WASHINGTON, D.C.- It looks like one group facing negative consequences from recent tariff salvos between the U.S. and others will get some relief. Not in the form of new markets with less unfair barriers, but in the form of taxpayer money to numb the pain.
“Agriculture Secretary Sonny Perdue on Tuesday unveiled a three-part, $12 billion plan to ease the sting of retaliatory tariffs on U.S. farmers through a mix of payments, purchases and trade promotion efforts.
“This is obviously a short-term solution that will give President Trump time to work on a long-term trade policy and deal to benefit agriculture as well as all sectors of the American economy,” Perdue said on a call with reporters.
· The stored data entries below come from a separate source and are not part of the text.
(* Let $f:\mathbb{R}^+\to\mathbb{R}^+$ be a non-decreasing convex function with $f(0)=1$. Then for every integer $n\ge0$ there exists a complex Borel measure $\mu$ on the unit circle $\mathbb{T}$ such that $\hat\mu(k)=f(|k|)$ for all integers $|k|\le n$, and $\|\mu\|\le f(n)^2$ (total variation norm).
   Context: For a measure $\mu$ on $\mathbb{T}$, $\hat\mu(k)=\int_{\mathbb{T}} z^{-k}\,d\mu(z)$, $k\in\mathbb{Z}$. *)

theory Defs
  imports "HOL-Analysis.Analysis"
begin

definition circle_borel :: "complex measure" where
  "circle_borel = restrict_space borel (sphere 0 1)"

text \<open>Complex Borel measures on T are represented by densities: a pair (nu, h) with nu a finite
  positive Borel measure on T and h a nu-integrable complex function represents the complex
  measure  A \<mapsto> integral of h over A w.r.t. nu.  Every complex Borel measure mu arises this way
  (take nu = |mu| and h = d mu / d|mu|, Radon-Nikodym/polar decomposition), and every such pair
  defines a complex Borel measure.\<close>
definition cmeasure_rep :: "complex measure \<Rightarrow> (complex \<Rightarrow> complex) \<Rightarrow> bool" where
  "cmeasure_rep \<nu> h \<longleftrightarrow> sets \<nu> = sets circle_borel \<and> finite_measure \<nu> \<and> integrable \<nu> h"

definition cm_fourier :: "complex measure \<Rightarrow> (complex \<Rightarrow> complex) \<Rightarrow> int \<Rightarrow> complex" where
  "cm_fourier \<nu> h k = integral\<^sup>L \<nu> (\<lambda>z. z powi (- k) * h z)"

definition cm_total_variation :: "complex measure \<Rightarrow> (complex \<Rightarrow> complex) \<Rightarrow> real" where
  "cm_total_variation \<nu> h = integral\<^sup>L \<nu> (\<lambda>z. norm (h z))"

end

theory Submission
  imports Defs "HOL-Library.Real_Mod"
begin

text \<open>Let F s = f s and c s = F (s + 1) - 2 F s + F (s - 1), with F (-1) = F 0. Monotonicity
  and convexity make every c s nonnegative, and F a = 1 + (\<Sum>s<n. c s * max 0 (a - s)) for a \<le> n.
  The Fejer kernel K_r(z) = |1 + z + ... + z^(r-1)|^2 has Fourier coefficients max 0 (r - |m|), so
  the density (z^n + z^(-n)) K_(n-s)(z) has coefficients max 0 (|k| - s) for |k| \<le> n and mass
  at most 2 (n - s). Hence the unit point mass at 1 plus \<Sum>s<n. c s (z^n + z^(-n)) K_(n-s)(z)
  has coefficients F |k| and total variation at most 1 + 2 (F n - 1) \<le> (F n)^2.
  All densities involved are trigonometric polynomials of degree below 2 n, so for |k| \<le> n
  their coefficients are computed exactly by the normalized counting measure on the N-th roots
  of unity once N > 3 n; the measure constructed is therefore supported on these N points.\<close>

lemma measurable_powi [measurable]: "(\<lambda>z::complex. z powi m) \<in> borel_measurable borel"
  by (cases "m \<ge> 0") (simp_all add: power_int_def)

definition root_of_unity :: "nat \<Rightarrow> nat \<Rightarrow> complex" where
  "root_of_unity N j = cis (2 * pi / N) ^ j"

lemma norm_root_of_unity [simp]: "norm (root_of_unity N j) = 1"
  by (simp add: root_of_unity_def norm_power)

lemma root_of_unity_0 [simp]: "root_of_unity N 0 = 1"
  by (simp add: root_of_unity_def)

lemma root_of_unity_nonzero [simp]: "root_of_unity N j \<noteq> 0"
  using norm_root_of_unity[of N j] by (metis norm_zero zero_neq_one)

lemma cis_powi_eq_1_iff:
  assumes "N > 0"
  shows "cis (2 * pi / N) powi d = 1 \<longleftrightarrow> int N dvd d"
proof -
  have "cis (2 * pi / N) powi d = 1 \<longleftrightarrow> (\<exists>m::int. of_int d * (2 * pi / N) = of_int m * (2 * pi))"
    unfolding cis_power_int cis_eq_1_iff ..
  also have "\<dots> \<longleftrightarrow> (\<exists>m::int. real_of_int d = real_of_int (m * int N))"
    using assms by (intro ex_cong1) (auto simp: field_simps)
  also have "\<dots> \<longleftrightarrow> int N dvd d"
    unfolding of_int_eq_iff by (auto simp: dvd_def mult.commute)
  finally show ?thesis .
qed

lemma root_of_unity_eq_1_iff:
  assumes "j < N"
  shows "root_of_unity N j = 1 \<longleftrightarrow> j = 0"
  using cis_powi_eq_1_iff[of N "int j"] assms
  by (auto simp: root_of_unity_def dest: zdvd_imp_le)

lemma sum_root_of_unity_powi:
  assumes "N > 0"
  shows "(\<Sum>j<N. root_of_unity N j powi m) = (if int N dvd m then of_nat N else 0)"
proof -
  define q where "q = cis (2 * pi / N) powi m"
  have powers: "root_of_unity N j powi m = q ^ j" for j
    unfolding q_def root_of_unity_def
    by (metis mult.commute power_int_mult power_int_of_nat)
  have "q ^ N = 1"
    using cis_powi_eq_1_iff[OF assms, of "m * int N"] assms
    by (simp add: q_def power_int_mult[symmetric] mult.commute flip: power_int_of_nat)
  moreover have "q = 1 \<longleftrightarrow> int N dvd m"
    unfolding q_def by (rule cis_powi_eq_1_iff[OF assms])
  ultimately show ?thesis
    unfolding powers by (auto simp: sum_gp_strict)
qed

lemma sum_root_of_unity_powi_small:
  assumes "\<bar>m\<bar> < int N"
  shows "(\<Sum>j<N. root_of_unity N j powi m) = (if m = 0 then of_nat N else 0)"
  using assms sum_root_of_unity_powi[of N m] dvd_imp_le_int[of m "int N"] by auto

lemma count_index_eq:
  "(\<Sum>i<r. if int i = (a::int) then 1 else 0) = (if 0 \<le> a \<and> a < int r then 1 else (0::nat))"
  by (induction r) auto

lemma count_pairs_with_difference:
  "(\<Sum>i<r. \<Sum>l<r. if int i - int l = c then 1 else 0) = nat (int r - \<bar>c\<bar>)"
proof (induction r)
  case 0
  then show ?case by simp
next
  case (Suc r)
  have last_column: "(\<Sum>i<r. if int i - int r = c then 1 else 0)
      = (if - int r \<le> c \<and> c < 0 then 1 else (0::nat))"
    using count_index_eq[where r=r and a="c + int r"] by (simp add: algebra_simps eq_diff_eq)
  have last_row: "(\<Sum>l<r. if int r - int l = c then 1 else 0)
      = (if 0 < c \<and> c \<le> int r then 1 else (0::nat))"
  proof -
    have "(\<Sum>l<r. if int r - int l = c then 1 else 0)
        = (\<Sum>l<r. if int l = int r - c then 1 else (0::nat))"
      by (intro sum.cong) auto
    then show ?thesis using count_index_eq[where r=r and a="int r - c"] by auto
  qed
  have "(\<Sum>i<Suc r. \<Sum>l<Suc r. if int i - int l = c then 1 else 0)
      = (\<Sum>i<r. \<Sum>l<r. if int i - int l = c then 1 else 0)
        + (\<Sum>i<r. if int i - int r = c then 1 else 0)
        + (\<Sum>l<r. if int r - int l = c then 1 else 0) + (if c = 0 then 1 else (0::nat))"
    by (simp add: sum.distrib)
  also have "\<dots> = nat (int (Suc r) - \<bar>c\<bar>)"
    unfolding Suc.IH last_column last_row by auto
  finally show ?case .
qed

text \<open>This is r times the usual Fejer kernel.\<close>
definition fejer_kernel :: "nat \<Rightarrow> complex \<Rightarrow> complex" where
  "fejer_kernel r z = (\<Sum>i<r. \<Sum>l<r. z powi (int i - int l))"

lemma fejer_kernel_unit_circle:
  assumes "norm z = 1"
  shows "fejer_kernel r z = of_real ((norm (\<Sum>i<r. z ^ i))\<^sup>2)"
proof -
  have "z \<noteq> 0" using assms by auto
  have "inverse z = cnj z"
    using assms complex_div_cnj[of 1 z] by (simp add: divide_inverse)
  then have "z powi (int i - int l) = z ^ i * cnj (z ^ l)" for i l
    using \<open>z \<noteq> 0\<close> by (simp add: power_int_diff divide_inverse flip: power_inverse complex_cnj_power)
  then show ?thesis
    unfolding fejer_kernel_def complex_norm_square cnj_sum sum_product by simp
qed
Perdue said the amount is in line with the roughly $11 billion in negative effects that USDA has calculated agricultural producers have suffered as a result of “illegal” retaliatory tariffs imposed by China, Canada, Mexico, the European Union and other major economies.”
This could be good news for farmers in the Old North State. Items like soy beans, hogs, and other agricultural goods that are big in North Carolina were specifically targeted by Europe, Canada, and China in retaliation for President Trump’s initial rounds of tariffs because they figured it’d hurt Trump the most politically.
Unfortunately spending $12 billion of other people’s money to give to a group hurt by the unintended consequences of an ill advised policy is not quite music to conservative’s ears.
Of course, others have a different take. Consider Sen. Thom Tillis (RINO-NC) for example, who is wondering what other taxpayer-funded freebies can be handed out.
“The administration’s trade aid plan is also a bid to shore up support among a slice of the rural electorate ahead of the midterm elections. But it has been criticized by some parts of the agriculture industry and is also sparking questions about whether other sectors suffering from retaliation will receive assistance.
“It can’t just be about agriculture,” Sen. Thom Tillis (R-N.C.) said Tuesday, adding that he is waiting for the administration to provide more information on its plan.”
This is what happens when protectionism is used as a negotiating tactic. Some may say, “you’ve got to break some eggs to make an omelette.”
That may be true, but the liberty-minded will want to know whose eggs are being broken? Some of these funds will be used to directly buy crops from farmers, subsidies plain and simple.
Leveling playing fields versus the current state of unfair trade deals is a laudable goal, but making bets with other people’s money and then paying off interest groups that are most impacted is not ideal, it’s Machiavellian.
It is antithetical to liberty and freedom, and was identified as such by a senator who’s been a steady critic of Trump’s trade policies.
“Sen. Ben Sasse (R-Neb.), a vocal critic of Trump on trade, blasted the tariff aid as a way of giving farmers “gold crutches” and warned that the current direction of U.S. trade policy could lead to economic circumstances similar to the Great Depression era.
“America’s farmers don’t want to be paid to lose — they want to win by feeding the world,” Sasse said in a statement. “This administration’s tariffs and bailouts aren’t going to make America great again — they’re just going to make it 1929 again.””
Trump is used to negotiating business deals and has a reputation for getting projects done when the odds were stacked against him. Maybe Xi Jinping and Angela Merkel and others see the light and agree to tear down trade barriers, and we can ride into a free, unimpeded trade sunset.
Until that happens, though, it looks like protectionism and the improvised reactionary policies it necessitates will increasingly make for some policy announcements you may not have expected from a Republican presidential administration.